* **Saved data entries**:
lemma derives_deduction: "derives CS (insert \<alpha> S) \<beta> \<Longrightarrow> derives CS S (Imp \<alpha> \<beta>)"
proof -
  assume "derives CS (insert \<alpha> S) \<beta>"
  then obtain \<chi>s where \<chi>s: "set \<chi>s \<subseteq> insert \<alpha> S" "deriv CS (imps \<chi>s \<beta>)"
    unfolding derives_def by blast
  define \<chi>s' where "\<chi>s' = filter (\<lambda>\<chi>. \<chi> \<noteq> \<alpha>) \<chi>s"
  have "deriv CS (Imp (imps \<chi>s \<beta>) (imps \<chi>s' (Imp \<alpha> \<beta>)))"
    by (rule deriv_tautI) (auto simp: \<chi>s'_def)
  then have "deriv CS (imps \<chi>s' (Imp \<alpha> \<beta>))"
    using \<chi>s(2) by (blast intro: deriv.MP)
  moreover have "set \<chi>s' \<subseteq> S"
    using \<chi>s(1) unfolding \<chi>s'_def by auto
  ultimately show ?thesis
    unfolding derives_def by blast
qed

lemma derives_imp_deriv_from: "derives CS T \<phi> \<Longrightarrow> deriv_from CS T \<phi>"
proof -
  assume "derives CS T \<phi>"
  then obtain \<chi>s where \<chi>s: "set \<chi>s \<subseteq> T" "deriv CS (imps \<chi>s \<phi>)"
    unfolding derives_def by blast
  show ?thesis
  proof (cases "\<chi>s = []")
    case True
    then show ?thesis
      using \<chi>s unfolding deriv_from_def by simp
  next
    case False
    have "deriv CS (Imp (imps \<chi>s \<phi>) (Imp (conjs \<chi>s) \<phi>))"
      by (rule deriv_tautI) (simp add: tval_conjs[OF False])
    then have "deriv CS (Imp (conjs \<chi>s) \<phi>)"
      using \<chi>s(2) by (blast intro: deriv.MP)
    then show ?thesis
      using \<chi>s(1) False unfolding deriv_from_def by blast
  qed
qed

section \<open>Maximal consistent sets\<close>

definition consistent :: "('c, 'v, 'p) fm set \<Rightarrow> ('c, 'v, 'p) fm set \<Rightarrow> bool" where
  "consistent CS S \<longleftrightarrow> \<not> derives CS S falsum"

definition max_consistent :: "('c, 'v, 'p) fm set \<Rightarrow> ('c, 'v, 'p) fm set \<Rightarrow> bool" where
  "max_consistent CS G \<longleftrightarrow> consistent CS G \<and> (\<forall>\<psi>. consistent CS (insert \<psi> G) \<longrightarrow> \<psi> \<in> G)"

lemma consistent_subset: "consistent CS S' \<Longrightarrow> S \<subseteq> S' \<Longrightarrow> consistent CS S"
  unfolding consistent_def using derives_mono by blast

lemma consistent_insert_Neg:
  assumes "\<not> derives CS S \<psi>"
  shows "consistent CS (insert (Neg \<psi>) S)"
  unfolding consistent_def
proof
  assume "derives CS (insert (Neg \<psi>) S) falsum"
  then have "derives CS S (Imp (Neg \<psi>) falsum)"
    by (rule derives_deduction)
  then have "derives CS S \<psi>"
    by (intro derives_tautI[of "[Imp (Neg \<psi>) falsum]"]) auto
  with assms show False ..
qed

lemma max_consistent_derives_mem:
  assumes G: "max_consistent CS G" and "derives CS G \<psi>"
  shows "\<psi> \<in> G"
proof (rule ccontr)
  assume "\<psi> \<notin> G"
  then have "derives CS (insert \<psi> G) falsum"
    using G unfolding max_consistent_def consistent_def by blast
  then have "derives CS G (Imp \<psi> falsum)"
    by (rule derives_deduction)
  then have "derives CS G falsum"
    using assms(2) by (intro derives_tautI[of "[\<psi>, Imp \<psi> falsum]"]) auto
  then show False
    using G unfolding max_consistent_def consistent_def by blast
qed

lemma max_consistent_deriv_mem: "max_consistent CS G \<Longrightarrow> deriv CS \<psi> \<Longrightarrow> \<psi> \<in> G"
  by (blast intro: max_consistent_derives_mem derives_deriv)

lemma max_consistent_axiom_mem: "max_consistent CS G \<Longrightarrow> axiom \<psi> \<Longrightarrow> \<psi> \<in> G"
  by (blast intro: max_consistent_deriv_mem deriv.Ax)

lemma max_consistent_tautI:
  "max_consistent CS G \<Longrightarrow> (\<And>g. (\<forall>\<chi>\<in>set \<chi>s. tval g \<chi>) \<Longrightarrow> tval g \<psi>) \<Longrightarrow> set \<chi>s \<subseteq> G \<Longrightarrow> \<psi> \<in> G"
  by (erule max_consistent_derives_mem, erule derives_tautI) (auto intro: derives_assm)

lemma max_consistent_Neg:
  assumes G: "max_consistent CS G"
  shows "Neg \<psi> \<in> G \<longleftrightarrow> \<psi> \<notin> G"
proof
  assume "Neg \<psi> \<in> G"
  show "\<psi> \<notin> G"
  proof
    assume "\<psi> \<in> G"
    with \<open>Neg \<psi> \<in> G\<close> have "falsum \<in> G"
      by (intro max_consistent_tautI[OF G, of "[\<psi>, Neg \<psi>]"]) auto
    then show False
      using G derives_assm unfolding max_consistent_def consistent_def by blast
  qed
next
  assume "\<psi> \<notin> G"
  then have "\<not> derives CS G \<psi>"
    using max_consistent_derives_mem[OF G] by blast
  then have "consistent CS (insert (Neg \<psi>) G)"
    by (rule consistent_insert_Neg)
  then show "Neg \<psi> \<in> G"
    using G unfolding max_consistent_def by blast
qed

lemma max_consistent_And:
  assumes G: "max_consistent CS G"
  shows "And \<alpha> \<beta> \<in> G \<longleftrightarrow> \<alpha> \<in> G \<and> \<beta> \<in> G"
proof
  assume "And \<alpha> \<beta> \<in> G"
  then show "\<alpha> \<in> G \<and> \<beta> \<in> G"
    using max_consistent_tautI[OF G, of "[And \<alpha> \<beta>]" \<alpha>]
      max_consistent_tautI[OF G, of "[And \<alpha> \<beta>]" \<beta>] by auto
next
  assume "\<alpha> \<in> G \<and> \<beta> \<in> G"
  then show "And \<alpha> \<beta> \<in> G"
    using max_consistent_tautI[OF G, of "[\<alpha>, \<beta>]" "And \<alpha> \<beta>"] by auto
qed

lemma max_consistent_Imp:
  assumes G: "max_consistent CS G"
  shows "Imp \<alpha> \<beta> \<in> G \<longleftrightarrow> (\<alpha> \<in> G \<longrightarrow> \<beta> \<in> G)"
proof (cases "\<alpha> \<in> G")
  case True
  then show ?thesis
    using max_consistent_tautI[OF G, of "[\<alpha>, Imp \<alpha> \<beta>]" \<beta>]
      max_consistent_tautI[OF G, of "[\<beta>]" "Imp \<alpha> \<beta>"] by auto
next
  case False
  then have "Neg \<alpha> \<in> G"
    using max_consistent_Neg[OF G] by blast
  then show ?thesis
    using False max_consistent_tautI[OF G, of "[Neg \<alpha>]" "Imp \<alpha> \<beta>"] by auto
qed

lemma max_consistent_Cond_mp:
  assumes G: "max_consistent CS G" and "Cond \<alpha> \<beta> \<in> G" "\<alpha> \<in> G"
  shows "\<beta> \<in> G"
  using assms max_consistent_axiom_mem[OF G axiom.A4[of \<alpha> \<beta>]] max_consistent_Imp[OF G] by blast

lemma max_consistent_Cond_imps:
  assumes G: "max_consistent CS G"
  shows "\<forall>\<chi>\<in>set \<chi>s. Cond \<alpha> \<chi> \<in> G \<Longrightarrow> Cond \<alpha> (imps \<chi>s \<psi>) \<in> G \<Longrightarrow> Cond \<alpha> \<psi> \<in> G"
proof (induct \<chi>s)
  case Nil
  then show ?case by simp
next
  case (Cons \<chi> \<chi>s)
  have "Imp (Cond \<alpha> (Imp \<chi> (imps \<chi>s \<psi>))) (Imp (Cond \<alpha> \<chi>) (Cond \<alpha> (imps \<chi>s \<psi>))) \<in> G"
    by (rule max_consistent_axiom_mem[OF G axiom.A2])
  then have "Cond \<alpha> (imps \<chi>s \<psi>) \<in> G"
    using Cons.prems max_consistent_Imp[OF G] by auto
  then show ?case
    using Cons by auto
qed
(* For all $n\ge 2$ and $0\le k\le n-2$, $$f(n,k)=\sum_{j=0}^{k}\binom{k-j}{j}(-1)^j\,(n-2-j)!.$$
   Context: A complete non-ambiguous matrix (CNM) of size $n$ is an $n\times n$ matrix $M=(m_{i,j})$ with entries in $\{0,1\}$ whose support $T=\{(i,j): m_{i,j}=1\}$ (whose elements are called vertices) satisfies: (1) $(1,1)\in T$; (2) for every $p=(i,j)\in T$ with $p\neq(1,1)$, exactly one of the following holds: there is $(i',j)\in T$ with $i'<i$, or there is $(i,j')\in T$ with $j'<j$; (3) every row and every column of $M$ contains at least one vertex; (4) define the parent of $p=(i,j)\neq(1,1)$ to be $(i',j)$ with $i'<i$ maximal if such a vertex exists, and otherwise $(i,j')$ with $j'<j$ maximal; then every vertex is the parent of either zero or exactly two vertices. A vertex with no children is a leaf. A CNM of size $n$ is upper-diagonal if its leaves are exactly the positions $(i,n+1-i)$, $1\le i\le n$. For $n\ge 2$ and $0\le k\le n-2$, $f(n,k)$ is the number of upper-diagonal CNMs $M$ of size $n$ with $m_{i,n-i}=0$ for $1\le i\le k$ and $m_{k+1,n-k-1}=1$. Binomial coefficients $\binom{a}{b}$ with $b>a\ge 0$ are $0$. *)

theory Defs
  imports Main
begin

text \<open>A 0/1 matrix of size n is identified with its support
  T \<subseteq> {1..n} \<times> {1..n} (1-based positions (row, column)).\<close>

definition cnm_parent :: "(nat \<times> nat) set \<Rightarrow> nat \<times> nat \<Rightarrow> nat \<times> nat" where
  "cnm_parent T p =
     (if (\<exists>i'<fst p. (i', snd p) \<in> T)
      then (Max {i'. i' < fst p \<and> (i', snd p) \<in> T}, snd p)
      else (fst p, Max {j'. j' < snd p \<and> (fst p, j') \<in> T}))"
lemma (in prob_space) expectation_abs_le_sqrt:
  fixes f :: "'a \<Rightarrow> real"
  assumes "integrable M f" "integrable M (\<lambda>\<omega>. (f \<omega>)\<^sup>2)"
  shows "expectation (\<lambda>\<omega>. \<bar>f \<omega>\<bar>) \<le> sqrt (expectation (\<lambda>\<omega>. (f \<omega>)\<^sup>2))"
proof (rule real_le_rsqrt)
  have "0 \<le> variance (\<lambda>\<omega>. \<bar>f \<omega>\<bar>)"
    by (rule variance_positive)
  also have "\<dots> = expectation (\<lambda>\<omega>. (f \<omega>)\<^sup>2) - (expectation (\<lambda>\<omega>. \<bar>f \<omega>\<bar>))\<^sup>2"
    using assms by (subst variance_eq) auto
  finally show "(expectation (\<lambda>\<omega>. \<bar>f \<omega>\<bar>))\<^sup>2 \<le> expectation (\<lambda>\<omega>. (f \<omega>)\<^sup>2)"
    by simp
qed

lemma failures_0 [simp]: "failures \<omega> 0 = 0"
  by (simp add: failures_def)

lemma failures_Suc: "failures \<omega> (Suc n) = failures \<omega> n + (if \<omega> n then 0 else 1)"
proof -
  have "{i. i < Suc n \<and> \<not> \<omega> i} = {i. i < n \<and> \<not> \<omega> i} \<union> (if \<omega> n then {} else {n})"
    by (auto simp: less_Suc_eq)
  then show ?thesis
    unfolding failures_def by (auto simp: card_insert_if)
qed
lemma val_sum_distinct:
  assumes "finite I" "I \<noteq> {}" "\<forall>i\<in>I. f i \<noteq> 0" "inj_on (\<lambda>i. v (f i)) I"
  shows "sum f I \<noteq> 0 \<and> v (sum f I) = (MIN i\<in>I. v (f i))"
  using assms
proof (induction I rule: finite_ne_induct)
  case (singleton i)
  then show ?case by simp
next
  case (insert j F)
  let ?S = "sum f F"
  have S: "?S \<noteq> 0" "v ?S = (MIN i\<in>F. v (f i))" using insert by auto
  have "(MIN i\<in>F. v (f i)) \<in> (\<lambda>i. v (f i)) ` F"
    using insert.hyps(1,2) by (intro Min_in) simp_all
  then obtain i0 where i0: "i0 \<in> F" "v ?S = v (f i0)"
    using S(2) by auto
  have "v (f j) \<noteq> v (f i0)"
    using inj_on_eq_iff[OF insert.prems(2)] i0(1) insert.hyps(3) by fastforce
  then have distinct: "v (f j) \<noteq> v ?S" using i0(2) by simp
  have fj: "f j \<noteq> 0" using insert.prems by simp
  have "f j + ?S \<noteq> 0 \<and> v (f j + ?S) = min (v (f j)) (v ?S)"
  proof (cases "v (f j) < v ?S")
    case True
    then show ?thesis using val_add_of_less[OF fj S(1)] by simp
  next
    case False
    then have "v ?S < v (f j)" using distinct by simp
    then show ?thesis using val_add_of_less[OF S(1) fj] by (simp add: add.commute)
  qed
  moreover have "sum f (insert j F) = f j + ?S" using insert.hyps by simp
  moreover have "(MIN i\<in>insert j F. v (f i)) = min (v (f j)) (MIN i\<in>F. v (f i))"
    using insert.hyps by simp
  ultimately show ?case using S(2) by simp
qed

lemma mpow_mult:
  assumes x: "x \<in> mpow v a" and t: "t \<noteq> 0" and le: "a' \<le> v t + a"
  shows "t * x \<in> mpow v a'"
proof (cases "x = 0")
  case False
  then show ?thesis using assms val_mult[OF t False] unfolding mpow_def by auto
qed (simp add: mpow_def)

end

locale valued_subfield = valued_field v for v :: "'K::field \<Rightarrow> int" +
  fixes k :: "'K set"
  assumes subfield: "Defs.subfield k"
begin

lemma subfield_zero: "0 \<in> k"
  and subfield_add: "a \<in> k \<Longrightarrow> b \<in> k \<Longrightarrow> a + b \<in> k"
  and subfield_mult: "a \<in> k \<Longrightarrow> b \<in> k \<Longrightarrow> a * b \<in> k"
  and subfield_uminus: "a \<in> k \<Longrightarrow> - a \<in> k"
  and subfield_inverse: "a \<in> k \<Longrightarrow> inverse a \<in> k"
  using subfield unfolding Defs.subfield_def by auto

lemma subfield_diff: "a \<in> k \<Longrightarrow> b \<in> k \<Longrightarrow> a - b \<in> k"
  using subfield_add[of a "- b"] subfield_uminus[of b] by simp

lemma ring_of_integers_zero: "0 \<in> ring_of_integers v k"
  using subfield unfolding ring_of_integers_def Defs.subfield_def by auto

lemma ring_of_integers_one: "1 \<in> ring_of_integers v k"
  using subfield unfolding ring_of_integers_def Defs.subfield_def by auto

lemma ring_of_integers_add:
  assumes a: "a \<in> ring_of_integers v k" and b: "b \<in> ring_of_integers v k"
  shows "a + b \<in> ring_of_integers v k"
proof -
  have "a + b \<in> k" using a b subfield unfolding ring_of_integers_def Defs.subfield_def by blast
  moreover have "0 \<le> v (a + b)" if "a \<noteq> 0" "b \<noteq> 0" "a + b \<noteq> 0"
  proof -
    have "0 \<le> min (v a) (v b)" using a b that unfolding ring_of_integers_def by simp
    then show ?thesis using val_add[OF that] by linarith
  qed
  ultimately show ?thesis using a b unfolding ring_of_integers_def by fastforce
qed

lemma ring_of_integers_mult:
  assumes a: "a \<in> ring_of_integers v k" and b: "b \<in> ring_of_integers v k"
  shows "a * b \<in> ring_of_integers v k"
proof -
  have "a * b \<in> k" using a b subfield unfolding ring_of_integers_def Defs.subfield_def by blast
  moreover have "0 \<le> v (a * b)" if "a \<noteq> 0" "b \<noteq> 0"
    using val_mult[OF that] a b that unfolding ring_of_integers_def by simp
  ultimately show ?thesis unfolding ring_of_integers_def by auto
qed

lemma ring_of_integers_sum:
  "finite G \<Longrightarrow> (\<And>g. g \<in> G \<Longrightarrow> h g \<in> ring_of_integers v k) \<Longrightarrow> sum h G \<in> ring_of_integers v k"
  by (induction G rule: finite_induct) (simp_all add: ring_of_integers_zero ring_of_integers_add)

end

section \<open>The free space and the submodules A \<otimes> B\<close>

lemma lin_comb_zero: "(\<lambda>q. 0) \<in> lin_comb S C"
  unfolding lin_comb_def by (rule CollectI, intro exI[of _ "{}"]) auto

lemma lin_comb_single: "g \<in> S \<Longrightarrow> c \<in> C \<Longrightarrow> (\<lambda>q. c * g q) \<in> lin_comb S C"
  unfolding lin_comb_def by (rule CollectI, intro exI[of _ "{g}"] exI[of _ "\<lambda>_. c"]) auto

lemma lin_comb_add:
  assumes C0: "0 \<in> C" and C_add: "\<And>a b. a \<in> C \<Longrightarrow> b \<in> C \<Longrightarrow> a + b \<in> C"
    and F: "F \<in> lin_comb S C" and H: "H \<in> lin_comb S C"
  shows "(\<lambda>q. F q + H q) \<in> lin_comb S C"
proof -
  obtain G1 c1 where G1: "F = (\<lambda>q. \<Sum>g\<in>G1. c1 g * g q)" "finite G1" "G1 \<subseteq> S" "\<forall>g\<in>G1. c1 g \<in> C"
    using F unfolding lin_comb_def by blast
  obtain G2 c2 where G2: "H = (\<lambda>q. \<Sum>g\<in>G2. c2 g * g q)" "finite G2" "G2 \<subseteq> S" "\<forall>g\<in>G2. c2 g \<in> C"
    using H unfolding lin_comb_def by blast
  define c where "c g = (if g \<in> G1 then c1 g else 0) + (if g \<in> G2 then c2 g else 0)" for g
  have fin: "finite (G1 \<union> G2)" using G1 G2 by simp
  have "F q + H q = (\<Sum>g\<in>G1 \<union> G2. c g * g q)" for q
  proof -
    have "(\<Sum>g\<in>G1 \<union> G2. c g * g q) = (\<Sum>g\<in>G1 \<union> G2. if g \<in> G1 then c1 g * g q else 0)
          + (\<Sum>g\<in>G1 \<union> G2. if g \<in> G2 then c2 g * g q else 0)"
      unfolding sum.distrib[symmetric] by (rule sum.cong) (auto simp: c_def distrib_right)
    also have "\<dots> = F q + H q"
      using G1(1) G2(1) by (simp add: sum.inter_restrict[OF fin, symmetric] Int_absorb1)
    finally show ?thesis by simp
  qed
  moreover have "\<forall>g\<in>G1 \<union> G2. c g \<in> C" unfolding c_def using G1(4) G2(4) C0 C_add by auto
  ultimately show ?thesis unfolding lin_comb_def using fin G1(3) G2(3) by blast
qed

lemma lin_comb_subset:
  assumes zero: "(\<lambda>q. 0) \<in> T" and add: "\<And>F H. F \<in> T \<Longrightarrow> H \<in> T \<Longrightarrow> (\<lambda>q. F q + H q) \<in> T"
    and gen: "\<And>g c. g \<in> S \<Longrightarrow> c \<in> C \<Longrightarrow> (\<lambda>q. c * g q) \<in> T"
  shows "lin_comb S C \<subseteq> T"
proof
  fix F assume "F \<in> lin_comb S C"
  then obtain G c where F: "F = (\<lambda>q. \<Sum>g\<in>G. c g * g q)" "finite G" "G \<subseteq> S" "\<forall>g\<in>G. c g \<in> C"
    unfolding lin_comb_def by blast
  have "(\<lambda>q. \<Sum>g\<in>H. c g * g q) \<in> T" if "finite H" "H \<subseteq> G" for H
    using that
  proof (induction H rule: finite_induct)
    case empty
    then show ?case using zero by simp
  next
    case (insert g H)
    then have "(\<lambda>q. c g * g q + (\<Sum>g\<in>H. c g * g q)) \<in> T"
      using add gen F(3,4) by blast
    then show ?case using insert.hyps by simp
  qed
  then show "F \<in> T" using F by blast
qed

definition k_bilinear :: "'K set \<Rightarrow> ('K \<times> 'K \<Rightarrow> 'K::field) \<Rightarrow> bool" where
  "k_bilinear k B \<longleftrightarrow>
     (\<forall>x x' y. B (x + x', y) = B (x, y) + B (x', y)) \<and>
     (\<forall>x y y'. B (x, y + y') = B (x, y) + B (x, y')) \<and>
     (\<forall>c\<in>k. \<forall>x y. B (c * x, y) = c * B (x, y)) \<and>
     (\<forall>c\<in>k. \<forall>x y. B (x, c * y) = c * B (x, y))"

* **Task goal**:
Nothing but a number is expected here: the number of lines in the entries that include the word "omega".

* **Task answer**:
8